History, asked by ngimiatonglim, 3 months ago

With reference to the development of the Cold War comment on:
(a) The Yalta Conference of February, 1945.​

Answers

Answered by abhinav2618
1

Answer:

The Cold War was a struggle for world dominance between the capitalist United States and the communist Soviet Union.

At the Yalta Conference, the United States, the Soviet Union, the United Kingdom, and France agreed to split Germany into four zones of occupation after the war.

The US ambassador in Moscow warned that the Soviet Union desired to expand throughout the world and prescribed the "containment" of communism as the chief US foreign policy strategy.

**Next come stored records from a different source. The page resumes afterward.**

lemma sum_rotation_invariant_eq_0:
  assumes "0 < n" "R \<subseteq> balanced n"
    and "\<And>v. v \<in> R \<Longrightarrow> v \<circ> rot_idx n \<in> R" "\<And>v. v \<in> R \<Longrightarrow> f (v \<circ> rot_idx n) = f v"
  shows "(\<Sum>v\<in>R. f v * v i) = 0"
proof -
  define T where "T i = (\<Sum>v\<in>R. f v * v i)" for i
  have fin: "finite R"
    using finite_subset[OF assms(2) finite_balanced] .
  have T_rot: "T (rot_idx n j) = T j" for j
    unfolding T_def
    by (rule sum_weighted_comp_invariant[OF fin permutes_surj[OF rot_idx_permutes[OF assms(1)]]])
      (use assms in auto)
  have T_const: "T j = T 1" if "j \<in> {1..n}" for j
    by (rule rot_idx_invariant_imp_const[where T = T, OF T_rot that])
  have "real n * T 1 = (\<Sum>j=1..n. T 1)"
    by simp
  also have "\<dots> = (\<Sum>j=1..n. T j)"
    by (rule sum.cong[OF refl T_const[symmetric]])
  also have "\<dots> = (\<Sum>v\<in>R. f v * (\<Sum>j=1..n. v j))"
    unfolding T_def sum_distrib_left by (rule sum.swap)
  also have "\<dots> = 0"
    by (intro sum.neutral ballI) (use balanced_sum subsetD[OF assms(2)] in auto)
  finally have T1: "T 1 = 0"
    using assms(1) by simp
  show ?thesis
  proof (cases "i \<in> {1..n}")
    case True
    then have "T i = 0"
      using T_const[OF True] T1 by simp
    then show ?thesis
      unfolding T_def .
  next
    case False
    then show ?thesis
      by (intro sum.neutral ballI) (use balanced_outside subsetD[OF assms(2)] in auto)
  qed
qed

lemma sum_halves:
  fixes f :: "nat \<Rightarrow> 'a::comm_monoid_add"
  shows "(\<Sum>i=1..2*m. f i) = (\<Sum>i=1..m. f i) + (\<Sum>i=1..m. f (i + m))"
proof -
  have "(\<Sum>i=1..m + m. f i) = (\<Sum>i=1..m. f i) + (\<Sum>i=m+1..m+m. f i)"
    by (rule sum.ub_add_nat[where m = 1 and n = m and p = m]) simp
  also have "(\<Sum>i=m+1..m+m. f i) = (\<Sum>i=1..m. f (i + m))"
    using sum.shift_bounds_cl_nat_ivl[of f 1 m m] by (simp add: add.commute)
  finally show ?thesis by (simp add: mult_2)
qed

definition mixed :: "nat \<Rightarrow> (nat \<Rightarrow> real) \<Rightarrow> nat set" where
  "mixed m v = {b \<in> {1..m}. v (b + m) \<noteq> v b}"

definition flip_pair :: "nat \<Rightarrow> nat \<Rightarrow> (nat \<Rightarrow> real) \<Rightarrow> nat \<Rightarrow> real" where
  "flip_pair m b v j = (if j = b \<or> j = b + m then - v j else v j)"

lemma mixed_subset: "mixed m v \<subseteq> {1..m}"
  unfolding mixed_def by blast

lemma finite_mixed [simp]: "finite (mixed m v)"
  using finite_subset[OF mixed_subset] by blast

lemma mixed_uminus [simp]: "mixed m (- v) = mixed m v"
  unfolding mixed_def by auto

lemma balanced_pair_pm1:
  assumes "v \<in> balanced (2 * m)" "b \<in> {1..m}"
  shows "v b \<in> {-1, 1}" "v (b + m) \<in> {-1, 1}"
  using assms balanced_in_pm1[of v "2 * m"] by auto

lemma mixed_pair_opposite:
  assumes "v \<in> balanced (2 * m)" "b \<in> mixed m v"
  shows "v (b + m) = - v b"
  using assms balanced_pair_pm1[OF assms(1)] unfolding mixed_def by fastforce

lemma mixed_flip_pair: "b \<in> {1..m} \<Longrightarrow> mixed m (flip_pair m b v) = mixed m v"
  unfolding mixed_def flip_pair_def by auto

lemma flip_pair_flip_pair [simp]: "flip_pair m b (flip_pair m b v) = v"
  unfolding flip_pair_def by auto

lemma flip_pair_balanced:
  assumes v: "v \<in> balanced (2 * m)" and b: "b \<in> mixed m v"
  shows "flip_pair m b v \<in> balanced (2 * m)"
proof (rule balancedI)
  have b_range: "b \<in> {1..2 * m}" "b + m \<in> {1..2 * m}" "b \<noteq> b + m"
    using b mixed_subset by fastforce+
  have "flip_pair m b v = (\<lambda>j. v j - (if j = b then 2 * v b else 0) - (if j = b + m then 2 * v (b + m) else 0))"
    unfolding flip_pair_def using b_range(3) by (auto simp: fun_eq_iff)
  then show "(\<Sum>j=1..2 * m. flip_pair m b v j) = 0"
    using b_range balanced_sum[OF v] mixed_pair_opposite[OF v b] by (simp add: sum_subtractf)
qed (use balancedD[OF v] in \<open>auto simp: flip_pair_def\<close>)

lemma Min_less_Max_if_two_le_card:
  fixes M :: "'a::linorder set"
  assumes "finite M" "2 \<le> card M"
  shows "Min M < Max M"
proof -
  obtain a b where "a \<in> M" "b \<in> M" "a < b"
    using assms card_le_Suc0_iff_eq[OF assms(1)] by (auto simp: neq_iff)
  then show ?thesis
    using Min_le[OF assms(1)] Max_ge[OF assms(1)] by (meson le_less_trans less_le_trans)
qed

definition spare :: "nat \<Rightarrow> nat set \<Rightarrow> nat" where
  "spare m M = Min ({1..m} - {Min M, Max M})"

lemma spare_in:
  assumes "3 \<le> m"
  shows "spare m M \<in> {1..m} - {Min M, Max M}"
proof -
  have "\<not> {1..m} \<subseteq> {Min M, Max M}"
    using card_mono[of "{Min M, Max M}" "{1..m}"] card_insert_le_m1[of 2 "{Max M}" "Min M"] assms
    by auto
  then show ?thesis
    unfolding spare_def by (intro Min_in) auto
qed

definition first_half :: "nat \<Rightarrow> (nat \<Rightarrow> real) \<Rightarrow> nat \<Rightarrow> real" where
  "first_half m v i = (if i \<le> m then v i else 0)"

definition double_vec :: "nat \<Rightarrow> (nat \<Rightarrow> real) \<Rightarrow> nat \<Rightarrow> real" where
  "double_vec m y i = (if i \<le> m then y i else if i \<le> 2 * m then y (i - m) else 0)"

lemma double_vec_balanced:
  assumes y: "y \<in> balanced m"
  shows "double_vec m y \<in> balanced (2 * m)"
proof (rule balancedI)
  have "(\<Sum>i=1..2 * m. double_vec m y i) = (\<Sum>i=1..m. y i) + (\<Sum>i=1..m. y i)"
    unfolding sum_halves by (intro arg_cong2[where f = "(+)"] sum.cong) (auto simp: double_vec_def)
  then show "(\<Sum>i=1..2 * m. double_vec m y i) = 0"
    using balanced_sum[OF y] by simp
  show "double_vec m y i \<in> {-1, 1}" if i: "i \<in> {1..2 * m}" for i
  proof (cases "i \<le> m")
    case True
    then show ?thesis
      using i balanced_in_pm1[OF y, of i] by (simp add: double_vec_def)
  next
    case False
    then have "i - m \<in> {1..m}"
      using i by auto
    then show ?thesis
      using False i balanced_in_pm1[OF y] by (simp add: double_vec_def)
  qed
  show "double_vec m y i = 0" if "i \<notin> {1..2 * m}" for i
    using that balanced_outside[OF y] by (auto simp: double_vec_def)
qed

lemma mixed_double_vec: "mixed m (double_vec m y) = {}"
  by (auto simp: mixed_def double_vec_def)

lemma first_half_double_vec: "y \<in> balanced m \<Longrightarrow> first_half m (double_vec m y) = y"
  using balanced_outside[of y m] by (auto simp: fun_eq_iff first_half_def double_vec_def)

lemma unmixed_balanced:
  assumes v: "v \<in> balanced (2 * m)" and unmixed: "mixed m v = {}"
  shows "first_half m v \<in> balanced m" and "double_vec m (first_half m v) = v"
proof -
  have pure: "v (b + m) = v b" if "b \<in> {1..m}" for b
    using that unmixed unfolding mixed_def by blast
  have "(\<Sum>i=1..2 * m. v i) = (\<Sum>i=1..m. v i) + (\<Sum>i=1..m. v i)"
    unfolding sum_halves using pure by (intro arg_cong2[where f = "(+)"] refl sum.cong) auto
  then show "first_half m v \<in> balanced m"
    using balancedD[OF v] by (intro balancedI) (auto simp: first_half_def)
  show "double_vec m (first_half m v) = v"
  proof
    fix j
    show "double_vec m (first_half m v) j = v j"
      using pure[of "j - m"] balanced_outside[OF v, of j]
      by (cases "j \<le> m") (auto simp: double_vec_def first_half_def)
  qed
qed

The United States, the United Kingdom, and the Soviet Union worked together to win World War II, but their relationship was tense and fraught from the beginning. The Soviet Union originally had signed a Non-Aggression Pact with Nazi Germany in 1939; the USSR only entered the war on the side of the Allies when Hitler double-crossed Soviet Premier Joseph Stalin and invaded Russia in 1941. This proved to be a fatal mistake for Hitler: the Russians eventually stalled his invasion and overtook all of the territory the Nazis had conquered in Eastern Europe.^1  

Before the war's end, the leaders of the Allied powers met at the Russian resort town of Yalta to plan for the future after Hitler's defeat. At this Yalta Conference, they could not agree on much, but they did agree that any remnant of Nazi power had to be stamped out of Germany. To this end, they agreed to divide Germany, as well as the city of Berlin, into four zones, each of which would be occupied by one of the major Allied powers (the "Big Four"): France, the United Kingdom, the United States, and the Soviet Union.